Within four years, Pendlebury won a Norm Smith Medal as a star midfielder and Thomas became one of the AFL’s best wingmen.
Malthouse is connected to the first player, and soon to be sixth player, to reach the 400-game milestone.
He played alongside Richmond’s Kevin Bartlett, and coached Pendlebury in 127 of his 400 matches.
“When you look at the 400-game players, Pendles is unique,” Malthouse said. “You look at Bartlett, (Michael) Tuck, (Dustin) Fletcher, (Brent) Harvey and (Shaun) Burgoyne and they have two things in common – they rarely got injured and they all had speed.
“Pendles has been injured, but nothing too bad, but he is not quick. But he is very quick of mind. He has not lost his ability (over the years) and he still pulls it (the game) back to his own speed.”
‘YOU WON’T FIND PENDLES PLAYING PING PONG’
Nathan Buckley reckons there is a reason why Scott Pendlebury has been elite at most of the endeavours he undertakes.
His former coach says with a smile: “Pendles doesn’t care for the things that he can’t win … he won’t engage in anything that he doesn’t have the upper hand in.
“That’s why you will never see him on a table tennis table. He is one of the worst table tennis players I have ever seen.”
Buckley said Pendlebury was good at most things he turned his hand to, but had little time for the pursuits that don’t float his boat.
“The only time I have seen him take a shortcut was when the boys would line up for some warm-up strides,” Buckley said. “He would always somehow find his way to start half a second before the whistle went off, and he would just keep going.
“Pendles was never the fastest. Try as he might, he never really picked up his 10 or 20m time … the way he was able to (keep) up with everyone was to start before they did. He did it mainly because he knew it would annoy the blokes around him.”
Buckley and Pendlebury formed a great coach and captain partnership across almost a decade. The admiration was mutual.
But when Buckley, the player, was asked in 2006 to describe Pendlebury in his debut year, he used one word: “aloof.”
“Alan Richardson was (Collingwood’s) head of development in 2006 and he went around looking for the leaders of the organisation asking them for a word to describe all the young blokes,” Buckley said.
“Mine for Pendles was aloof.”
He soon came to realise the kid from Sale was more observant than aloof.
“What I witnessed was a guy who was a bit stand-offish.

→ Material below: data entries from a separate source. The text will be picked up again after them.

lemma cball_ext_scaleR:
  fixes a :: "real^'n::finite \<Rightarrow> real" and b :: "real^'n \<Rightarrow> 'b::real_normed_vector"
  shows "cball_ext R a \<Longrightarrow> cball_ext R b \<Longrightarrow> cball_ext R (\<lambda>x. a x *\<^sub>R b x)"
  by (rule cball_ext_compose2) (auto intro!: continuous_intros)

lemma cball_ext_sum:
  fixes a :: "'i \<Rightarrow> real^'n::finite \<Rightarrow> 'b::real_normed_vector"
  assumes "finite I" "\<And>i. i \<in> I \<Longrightarrow> cball_ext R (a i)"
  shows "cball_ext R (\<lambda>x. \<Sum>i\<in>I. a i x)"
  using assms
proof (induction I rule: finite_induct)
  case empty
  show ?case by (simp add: cball_ext_continuous)
next
  case (insert i I)
  then show ?case by (simp add: cball_ext_add)
qed

lemma cball_ext_rescale:
  fixes g :: "real^'n::finite \<Rightarrow> 'b::topological_space"
  assumes "cball_ext R g" "0 < s" "s \<le> R"
  shows "cball_ext 1 (\<lambda>y. g (s *\<^sub>R y))"
proof -
  obtain G where G: "continuous_on (cball 0 R) G" "\<forall>x\<in>ball 0 R. G x = g x"
    using assms unfolding cball_ext_def by blast
  have "s *\<^sub>R y \<in> cball 0 R" if "y \<in> cball 0 1" for y :: "real^'n"
    using that assms(2,3) mult_mono[of s R "norm y" 1] by simp
  then have "continuous_on (cball 0 1) (\<lambda>y. G (s *\<^sub>R y))"
    by (intro continuous_on_compose2[OF G(1)] continuous_intros) blast
  moreover have "G (s *\<^sub>R y) = g (s *\<^sub>R y)" if "y \<in> ball 0 1" for y :: "real^'n"
    using that assms(2,3) mult_le_less_imp_less[of s R "norm y" 1] G(2) by simp
  ultimately show ?thesis
    unfolding cball_ext_def by (intro exI[of _ "\<lambda>y. G (s *\<^sub>R y)"]) simp
qed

He would always sit back and observe and it looked like he wasn’t super engaged,” Buckley said.
“But what soon became apparent was that he was analysing everyone and everything.
“The culture was still old school, so he probably didn’t waste his time in his early years listening to too many others … as they probably wouldn’t listen to him.”
Buckley said Pendlebury’s stubbornness and strong-will helped to make him the player and leader he ended up being.
“The thing you could say about Pendles, and probably all of the greats, is that they do it their own way,” he said. “There is a strength of character and a resolve, they believe in their methods and processes. They are unshakeable through the inevitable ups and downs.
“He went through a period there (in the mid to late 2010s) where he would just move his name tag at the start of the second quarter. He would want to give himself a little extra second-quarter break, to sit on the pine for the first rotation.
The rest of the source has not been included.